Most disturbing of all, she goes to the Colombian coast in search of men who have sex with donkeys. And finds them. Cue a vile scene in which dozens of men drinking in a bar laugh, gesture and boast that the donkeys love it while Perkins looks uncomfortable but gamely tries to keep on joking. She is clearly aware that a line has been crossed but the show must go on. The scene culminates with Perkins – a committed vegan and animal lover who has her dog’s initials tattooed on her arm – stroking a donkey whose face has been blurred while softly saying: “I bet I’m the first human that’s approached you from the front in a very long time, little one.” At which point I started to wonder if she was trapped in a contractual hell of her own making. It’s a genuinely disturbing, wildly unfunny scene, the point of which I cannot understand.

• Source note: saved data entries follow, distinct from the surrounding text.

lemma min_norm_orthogonal:
  assumes min: "\<And>t. norm z \<le> norm (z - sc t w)"
  shows "ci z w = 0"
proof (rule ccontr)
  assume "ci z w \<noteq> 0"
  define b where "b = ci z w"
  define k where "k = (cmod b)^2"
  define s where "s = inverse ((norm w)^2 + 1)"
  have k: "0 < k" using \<open>ci z w \<noteq> 0\<close> by (simp add: k_def b_def)
  have w_pos: "0 < (norm w)^2 + 1" by (simp add: add_nonneg_pos)
  then have s: "0 < s" "s * (norm w)^2 < 1" by (simp_all add: s_def divide_less_eq flip: divide_inverse_commute)
  define t where "t = complex_of_real s * cnj b"
  have b_cnj: "cnj b * b = complex_of_real k"
    unfolding k_def using complex_norm_square[of b] by (simp only: mult.commute)
  have "ci (z - sc t w) (z - sc t w)
      = ci z z - t * ci z w - cnj t * ci w z + cnj t * t * ci w w"
    by (simp add: ci_diff_left ci_diff_right ci_sc_left ci_sc_right algebra_simps)
  also have "\<dots> = ci z z - 2 * complex_of_real s * (cnj b * b)
      + complex_of_real s * complex_of_real s * (cnj b * b) * ci w w"
    by (simp add: t_def ci_sym[of w z] flip: b_def)
  also have "\<dots> = complex_of_real ((norm z)^2 + s * k * (s * (norm w)^2 - 2))"
    by (simp only: b_cnj ci_self) (simp add: algebra_simps)
  finally have "(norm (z - sc t w))^2 = (norm z)^2 + s * k * (s * (norm w)^2 - 2)"
    by (simp only: ci_self of_real_eq_iff)
  moreover have "(norm z)^2 \<le> (norm (z - sc t w))^2"
    using min[of t] by (simp add: power_mono)
  moreover have "s * k * (s * (norm w)^2 - 2) < 0"
    using s k by (intro mult_pos_neg) simp_all
  ultimately show False by linarith
qed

Still, how I love her. Perkins does what most white Oxbridge-educated travel presenters cannot: namely go to other countries and behave herself. She is warm, goofy, kind, unscripted, funny and respectful. So I have all the time in the world to watch her, and only her, downing shots and throwing balls at explosive targets in a Colombian traditional sport called tejo. Hilarious! But the biggest danger of this strain of “extreme and shockingly legal!” travel documentary is how perilously close it comes to othering. What are we really doing when we reduce other countries to their quirks and extremities? Especially considering the current egregious state of our own. In truth, I liked it better when a Sue Perkins travel series was less about her pushing herself to go to a São Paulo love motel and hook up with some swingers and more about her holding hands with a wee old lady she had just met on the banks of the Mekong River.